▸ **ABOUT THIS TASK**
What do the lines say from the one containing "N * (\<Prod>j<k." to the end of the records? Restate them word for word, and only those.

▸ **Items from a data source**
--------------------

lemma sum_cis_w_average_tendsto_zero:
  fixes \<theta> :: real
  assumes "\<theta> \<notin> \<rat>"
  shows "(\<lambda>N. (\<Sum>n<N. cis (2 * pi * \<theta> * w n)) / of_nat N) \<longlonglongrightarrow> 0"
proof (rule LIMSEQ_I)
  fix r :: real
  assume "0 < r"
  define a where "a j = norm (1 + cis (2 * pi * \<theta> * 3 ^ j)) / 2" for j
  have "\<exists>j\<ge>J. a j \<le> 15 / 16" for J
  proof -
    obtain j where "j \<ge> J" "\<forall>n::int. 1 / 8 \<le> \<bar>\<theta> * 3 ^ j - n\<bar>"
      using irrational_times_powers_far_from_Ints[OF assms, of 3 J] by auto
    then show ?thesis
      using norm_one_plus_cis_le[of "\<theta> * 3 ^ j"] by (auto simp: a_def mult.assoc)
  qed
  moreover have "a j \<le> 1" for j
    using norm_triangle_ineq[of 1 "cis (2 * pi * \<theta> * 3 ^ j)"] by (simp add: a_def)
  ultimately obtain k where k: "(\<Prod>j<k. a j) < r / 2"
    using prod_lessThan_small[of a "15 / 16" "r / 2"] \<open>0 < r\<close> by (auto simp: a_def)
  obtain N0 :: nat where N0: "2 * 2 ^ k / r < N0"
    using reals_Archimedean2 by blast
  have "norm ((\<Sum>n<N. cis (2 * pi * \<theta> * w n)) / of_nat N) < r" if "N0 \<le> N" for N
  proof -
    have "0 < 2 * 2 ^ k / r" "2 * 2 ^ k / r < N"
      using N0 that \<open>0 < r\<close> by auto
    then have N: "0 < real N"
      by linarith
    with \<open>2 * 2 ^ k / r < N\<close> \<open>0 < r\<close> have "2 ^ k / real N < r / 2"
      by (simp add: field_simps)
    have "norm ((\<Sum>n<N. cis (2 * pi * \<theta> * w n)) / of_nat N)
        \<le> (real N * (\<Prod>j<k. a j) + 2 ^ k) / real N"
      using norm_sum_cis_w_le[of \<theta> N k] by (simp add: norm_divide a_def divide_right_mono)
    also have "\<dots> = (\<Prod>j<k. a j) + 2 ^ k / real N"
      using N by (simp add: field_simps)
    finally show ?thesis
      using k \<open>2 ^ k / real N < r / 2\<close> by linarith
  qed
  then show "\<exists>N0. \<forall>N\<ge>N0. norm ((\<Sum>n<N. cis (2 * pi * \<theta> * w n)) / of_nat N - 0) < r"
    by auto
qed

--------------------

▸ **EXPECTED ANSWER**
        \<le> (real N * (\<Prod>j<k. a j) + 2 ^ k) / real N"
      using norm_sum_cis_w_le[of \<theta> N k] by (simp add: norm_divide a_def divide_right_mono)
    also have "\<dots> = (\<Prod>j<k. a j) + 2 ^ k / real N"
      using N by (simp add: field_simps)
    finally show ?thesis
      using k \<open>2 ^ k / real N < r / 2\<close> by linarith
  qed
  then show "\<exists>N0. \<forall>N\<ge>N0. norm ((\<Sum>n<N. cis (2 * pi * \<theta> * w n)) / of_nat N - 0) < r"
    by auto
qed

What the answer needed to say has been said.